Both the line with "t = mat3 1 t" and the line with "k = heis_trans" in the records below must appear in the output, along with every line between them, exactly and with nothing added.

□ □ □

(* $F_{\{1,2\}}=\emptyset$, and $\overline{F}_{\{1,2\}}$ consists of a single point, namely $\overline{F}_{\{1,2\}}=F_{\{1,2,3,5,10,11\}}=\{p_2\}$, where $p_2$ is the unique fixed point of $G_2$ in $H^2_\mathbb{C}$.
   Context: Hermitian form on $\mathbb{C}^3$: $\langle V,W\rangle=V_1\overline{W_3}+V_2\overline{W_2}+V_3\overline{W_1}$. Let $$G_1=\begin{pmatrix}1&1&-\frac{1+i\sqrt7}{2}\\0&1&-1\\0&0&1\end{pmatrix},\quad G_3=\begin{pmatrix}1&0&0\\-1&1&0\\ \frac{-1+i\sqrt7}{2}&1&1\end{pmatrix},\quad G_2=G_3G_1^{-1}G_3^{-1}G_1,$$ $Q=(1,0,0)^T$. Set $\gamma_1=G_2,\gamma_2=G_2^{-1},\gamma_3=G_3,\gamma_4=G_3^{-1}$ and, for $k\ge1$ and $1\le j\le4$, $\gamma_{8k-4+j}=G_1^k\gamma_jG_1^{-k}$, $\gamma_{8k+j}=G_1^{-k}\gamma_jG_1^{k}$. For $Z\in\mathbb{C}^3\setminus\{0\}$ let $f_0(Z)=\langle Z,Z\rangle$ and $f_j(Z)=|\langle Z,Q\rangle|^2-|\langle Z,\gamma_jQ\rangle|^2$ for $j\ge1$ (homogeneous, so their signs are defined on $\mathbb{C}P^2$). Let $I=\{0,1,2,\dots\}$. For disjoint $J,K\subset I$, $F_{J,K}=\{[Z]\in\mathbb{C}P^2: f_j(Z)=0\ \forall j\in J,\ f_i(Z)<0\ \forall i\in K\}$, $\overline{F}_{J,K}$ is defined likewise with $f_i\le0$ for $i\in K$, $F_J=F_{J,I\setminus J}$ and $\overline{F}_J=\overline{F}_{J,I\setminus J}$. *)

theory Defs
  imports "HOL-Analysis.Analysis"
begin

type_synonym cvec = "complex ^ 3"
type_synonym cmat = "complex ^ 3 ^ 3"

definition herm :: "cvec \<Rightarrow> cvec \<Rightarrow> complex" where
  "herm V W = V$1 * cnj (W$3) + V$2 * cnj (W$2) + V$3 * cnj (W$1)"

definition G1 :: cmat where
  "G1 = vector [vector [1, 1, - (1 + \<i> * complex_of_real (sqrt 7)) / 2],
                vector [0, 1, -1],
                vector [0, 0, 1]]"

definition G3 :: cmat where
  "G3 = vector [vector [1, 0, 0],
                vector [-1, 1, 0],
                vector [(-1 + \<i> * complex_of_real (sqrt 7)) / 2, 1, 1]]"

definition G2 :: cmat where
  "G2 = G3 ** matrix_inv G1 ** matrix_inv G3 ** G1"

definition Qv :: cvec where
  "Qv = vector [1, 0, 0]"

fun mpow :: "cmat \<Rightarrow> nat \<Rightarrow> cmat" where
  "mpow A 0 = mat 1"
| "mpow A (Suc k) = A ** mpow A k"

definition gbase :: "nat \<Rightarrow> cmat" where
  "gbase j = (if j = 1 then G2 else if j = 2 then matrix_inv G2
              else if j = 3 then G3 else matrix_inv G3)"

text \<open>gamma (n) for n >= 1: gamma 1..4 = G2, G2^-1, G3, G3^-1;
  gamma (8k-4+j) = G1^k gamma j G1^-k, gamma (8k+j) = G1^-k gamma j G1^k.\<close>
definition gamma :: "nat \<Rightarrow> cmat" where
  "gamma n = (let m = (n - 1) div 4; j = (n - 1) mod 4 + 1 in
     if m = 0 then gbase j
     else if odd m then mpow G1 ((m + 1) div 2) ** gbase j ** matrix_inv (mpow G1 ((m + 1) div 2))
     else matrix_inv (mpow G1 (m div 2)) ** gbase j ** mpow G1 (m div 2))"

definition f :: "nat \<Rightarrow> cvec \<Rightarrow> real" where
  "f j Z = (if j = 0 then Re (herm Z Z)
            else (cmod (herm Z Qv))\<^sup>2 - (cmod (herm Z (gamma j *v Qv)))\<^sup>2)"

text \<open>points of CP^2 are complex lines (without 0) through nonzero vectors\<close>
definition proj :: "cvec \<Rightarrow> cvec set" where
  "proj Z = {c *s Z | c. c \<noteq> 0}"

definition FJK :: "nat set \<Rightarrow> nat set \<Rightarrow> cvec set set" where
  "FJK J K = {proj Z | Z. Z \<noteq> 0 \<and> (\<forall>j\<in>J. f j Z = 0) \<and> (\<forall>i\<in>K. f i Z < 0)}"

definition FJK_bar :: "nat set \<Rightarrow> nat set \<Rightarrow> cvec set set" where
  "FJK_bar J K = {proj Z | Z. Z \<noteq> 0 \<and> (\<forall>j\<in>J. f j Z = 0) \<and> (\<forall>i\<in>K. f i Z \<le> 0)}"

definition FJ :: "nat set \<Rightarrow> cvec set set" where
  "FJ J = FJK J (UNIV - J)"

definition FJ_bar :: "nat set \<Rightarrow> cvec set set" where
  "FJ_bar J = FJK_bar J (UNIV - J)"

definition H2C :: "cvec set set" where
  "H2C = {proj Z | Z. Z \<noteq> 0 \<and> Re (herm Z Z) < 0}"

definition fixed_points_H2C :: "cmat \<Rightarrow> cvec set set" where
  "fixed_points_H2C A = {proj Z | Z. Z \<noteq> 0 \<and> Re (herm Z Z) < 0 \<and> proj (A *v Z) = proj Z}"

end

theory Submission
  imports Defs
begin

text \<open>
  The vector \<open>p2 = (-2, 2 + w, 2)\<close>, where \<open>w = (-1 + i \<surd>7) / 2\<close>, spans the only negative
  line fixed by \<open>G2\<close>: the other eigenvalues of \<open>G2\<close> are \<open>\<plusminus>i\<close>, whose eigenvectors are not
  negative.

  Since \<open>G1\<close> fixes \<open>Q\<close>, each \<open>\<gamma>\<^sub>n Q\<close> equals \<open>G1\<^sup>k \<gamma>\<^sub>j Q\<close> for some \<open>j \<le> 4\<close> and
  integer \<open>k\<close>, and \<open>f\<^sub>n(p2)\<close> is minus a quartic polynomial in \<open>k\<close> that is non-negative
  on the integers and vanishes exactly for \<open>n \<in> {1, 2, 3, 5, 10, 11}\<close>.

  Conversely, normalise a line with \<open>f\<^sub>1 = f\<^sub>2 = 0\<close> as \<open>(z\<^sub>1, z\<^sub>2, 1)\<close>. Then
  \<open>-z\<^sub>1\<close> and \<open>-z\<^sub>1 + (w - 1) z\<^sub>2 + 2\<close> are unimodular, so they can be written \<open>\<zeta>\<^sup>2\<close> and
  \<open>\<zeta> \<eta>\<close> with \<open>|\<zeta>| = |\<eta>| = 1\<close> and \<open>Re \<zeta> \<ge> 0\<close>. In the coordinates of \<open>\<zeta>\<close> and \<open>\<eta>\<close> the
  functions \<open>f\<^sub>0\<close>, \<open>f\<^sub>3\<close>, \<open>f\<^sub>1\<^sub>0\<close> become quadratic, and an elementary inequality shows that
  \<open>f\<^sub>0, f\<^sub>3, f\<^sub>1\<^sub>0 \<le> 0\<close> forces \<open>\<zeta> = \<eta> = 1\<close>, the line of \<open>p2\<close>. So the closed set for
  \<open>{1, 2}\<close> contains only \<open>p2\<close>, and the open one is empty because \<open>f\<^sub>3(p2) = 0\<close>.
\<close>

section \<open>The number \<open>w\<close> and explicit \<open>3 \<times> 3\<close> matrices\<close>

definition w :: complex where
  "w = (-1 + \<i> * complex_of_real (sqrt 7)) / 2"

lemma Re_w [simp]: "Re w = -1/2" and Im_w [simp]: "Im w = sqrt 7 / 2"
  by (simp_all add: w_def)

lemma w_squared: "w * w = - w - 2"
  by (simp add: complex_eq_iff)

lemma cnj_w: "cnj w = - 1 - w"
  by (simp add: complex_eq_iff)

lemma w_neq_1: "w \<noteq> 1"
  by (simp add: complex_eq_iff)

definition mat3 :: "complex \<Rightarrow> complex \<Rightarrow> complex \<Rightarrow> complex \<Rightarrow> complex \<Rightarrow> complex \<Rightarrow>
    complex \<Rightarrow> complex \<Rightarrow> complex \<Rightarrow> cmat" where
  "mat3 a1 a2 a3 b1 b2 b3 c1 c2 c3 =
     vector [vector [a1, a2, a3], vector [b1, b2, b3], vector [c1, c2, c3]]"

lemma mat3_mult:
  "mat3 a1 a2 a3 b1 b2 b3 c1 c2 c3 ** mat3 x1 x2 x3 y1 y2 y3 z1 z2 z3 =
   mat3 (a1*x1 + a2*y1 + a3*z1) (a1*x2 + a2*y2 + a3*z2) (a1*x3 + a2*y3 + a3*z3)
        (b1*x1 + b2*y1 + b3*z1) (b1*x2 + b2*y2 + b3*z2) (b1*x3 + b2*y3 + b3*z3)
        (c1*x1 + c2*y1 + c3*z1) (c1*x2 + c2*y2 + c3*z2) (c1*x3 + c2*y3 + c3*z3)"
  unfolding mat3_def by (simp add: matrix_matrix_mult_def vec_eq_iff forall_3 sum_3)

lemma mat3_mult_vector:
  "mat3 a1 a2 a3 b1 b2 b3 c1 c2 c3 *v vector [x, y, z] =
   (vector [a1*x + a2*y + a3*z, b1*x + b2*y + b3*z, c1*x + c2*y + c3*z] :: cvec)"
  unfolding mat3_def by (simp add: matrix_vector_mult_def vec_eq_iff forall_3 sum_3)

lemma mat3_eq_iff:
  "mat3 a1 a2 a3 b1 b2 b3 c1 c2 c3 = mat3 x1 x2 x3 y1 y2 y3 z1 z2 z3 \<longleftrightarrow>
   a1 = x1 \<and> a2 = x2 \<and> a3 = x3 \<and> b1 = y1 \<and> b2 = y2 \<and> b3 = y3 \<and> c1 = z1 \<and> c2 = z2 \<and> c3 = z3"
  unfolding mat3_def by (simp add: vec_eq_iff forall_3)

lemma mat3_one: "(mat 1 :: cmat) = mat3 1 0 0 0 1 0 0 0 1"
  unfolding mat3_def by (simp add: mat_def vec_eq_iff forall_3)

lemma vector3_eq_iff: "(vector [a, b, c] :: cvec) = vector [a', b', c'] \<longleftrightarrow> a = a' \<and> b = b' \<and> c = c'"
  by (simp add: vec_eq_iff forall_3)

lemma vector3_eq_0_iff: "(vector [a, b, c] :: cvec) = 0 \<longleftrightarrow> a = 0 \<and> b = 0 \<and> c = 0"
  by (simp add: vec_eq_iff forall_3)

lemma vector3_expand: "(Z :: cvec) = vector [Z$1, Z$2, Z$3]"
  by (simp add: vec_eq_iff forall_3)

lemma scalar_mult_vector3: "(k :: complex) *s vector [a, b, c] = (vector [k*a, k*b, k*c] :: cvec)"
  by (simp add: vec_eq_iff forall_3)

lemma herm_vector3: "herm (vector [a, b, c]) (vector [x, y, z]) = a * cnj z + b * cnj y + c * cnj x"
  by (simp add: herm_def)

lemma matrix_inv_unique:
  fixes A B :: "'a::semiring_1^'n^'n"
  assumes "A ** B = mat 1" "B ** A = mat 1"
  shows "matrix_inv A = B"
proof -
  have "\<exists>A'. A ** A' = mat 1 \<and> A' ** A = mat 1" using assms by blast
  then have inv: "A ** matrix_inv A = mat 1" "matrix_inv A ** A = mat 1"
    unfolding matrix_inv_def by (metis (mono_tags, lifting) someI_ex)+
  have "matrix_inv A = matrix_inv A ** (A ** B)" using assms by simp
  also have "\<dots> = B" using inv by (simp add: matrix_mul_assoc)
  finally show ?thesis .
qed

section \<open>The generators and the vectors \<open>\<gamma>\<^sub>n Q\<close>\<close>

lemma G3_eq: "G3 = mat3 1 0 0 (-1) 1 0 w 1 1"
  unfolding G3_def mat3_def w_def by simp

lemma G3_inv: "matrix_inv G3 = mat3 1 0 0 1 1 0 (-1-w) (-1) 1"
  by (rule matrix_inv_unique) (simp_all add: G3_eq mat3_mult mat3_one mat3_eq_iff)

text \<open>A one-parameter group of Heisenberg translations fixing \<open>Q\<close> and containing
  \<open>G1 = heis_trans 1\<close>; it turns the inverse powers of \<open>G1\<close> in \<open>gamma\<close> into translations.\<close>

definition heis_trans :: "complex \<Rightarrow> cmat" where
  "heis_trans t = mat3 1 t (- t * (1 + w) - t * (t - 1) / 2) 0 1 (- t) 0 0 1"

lemma heis_trans_add: "heis_trans s ** heis_trans t = heis_trans (s + t)"
  unfolding heis_trans_def by (simp add: mat3_mult mat3_eq_iff field_simps)

lemma heis_trans_0: "heis_trans 0 = mat 1"
  by (simp add: heis_trans_def mat3_one)

lemma G1_eq: "G1 = heis_trans 1"
  unfolding G1_def heis_trans_def mat3_def w_def by (simp add: vector3_eq_iff field_simps)

lemma matrix_inv_heis_trans: "matrix_inv (heis_trans t) = heis_trans (- t)"
  by (rule matrix_inv_unique) (simp_all add: heis_trans_add heis_trans_0)

lemma mpow_G1: "mpow G1 k = heis_trans (of_nat k)"
  by (induction k) (simp_all add: heis_trans_0 G1_eq heis_trans_add add.commute)

lemma heis_trans_Qv: "heis_trans t *v Qv = Qv"
  by (simp add: heis_trans_def Qv_def mat3_mult_vector)

lemma G2_eq: "G2 = mat3 2 (1-w) (-1) (-2-w) (-1) 0 (-1) 0 0"
  unfolding G2_def G1_eq matrix_inv_heis_trans G3_inv
  by (simp add: G3_eq heis_trans_def mat3_mult mat3_eq_iff) (use w_squared in algebra)

lemma G2_inv: "matrix_inv G2 = mat3 0 0 (-1) 0 (-1) (2+w) (-1) (w-1) 2"
  by (rule matrix_inv_unique)
    (simp_all add: G2_eq mat3_mult mat3_one mat3_eq_iff, (use w_squared in algebra)+)

lemma gbase_Qv:
  "gbase 1 *v Qv = vector [2, -2-w, -1]" "gbase 2 *v Qv = vector [0, 0, -1]"
  "gbase 3 *v Qv = vector [1, -1, w]" "gbase 4 *v Qv = vector [1, 1, -1-w]"
  by (simp_all add: gbase_def G2_inv G3_inv, simp_all add: G2_eq G3_eq Qv_def mat3_mult_vector)

text \<open>\<open>gamma n = G1\<^sup>k ** gbase j ** G1\<^sup>-\<^sup>k\<close> with \<open>k = gamma_shift n\<close> and \<open>j = (n - 1) mod 4 + 1\<close>.\<close>

definition gamma_shift :: "nat \<Rightarrow> int" where
  "gamma_shift n = (let m = (n - 1) div 4 in if odd m then int ((m + 1) div 2) else - int (m div 2))"

lemma gamma_Qv:
  "gamma n *v Qv = heis_trans (of_int (gamma_shift n)) *v (gbase ((n - 1) mod 4 + 1) *v Qv)"
  unfolding gamma_def gamma_shift_def Let_def mpow_G1 matrix_inv_heis_trans
  by (simp add: matrix_vector_mul_assoc[symmetric] heis_trans_Qv heis_trans_0
      del: mpow.simps)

□ □ □

▶ RESPONSE TO THE TASK:
  "heis_trans t = mat3 1 t (- t * (1 + w) - t * (t - 1) / 2) 0 1 (- t) 0 0 1"

lemma heis_trans_add: "heis_trans s ** heis_trans t = heis_trans (s + t)"
  unfolding heis_trans_def by (simp add: mat3_mult mat3_eq_iff field_simps)

lemma heis_trans_0: "heis_trans 0 = mat 1"
  by (simp add: heis_trans_def mat3_one)

lemma G1_eq: "G1 = heis_trans 1"
  unfolding G1_def heis_trans_def mat3_def w_def by (simp add: vector3_eq_iff field_simps)

lemma matrix_inv_heis_trans: "matrix_inv (heis_trans t) = heis_trans (- t)"
  by (rule matrix_inv_unique) (simp_all add: heis_trans_add heis_trans_0)

lemma mpow_G1: "mpow G1 k = heis_trans (of_nat k)"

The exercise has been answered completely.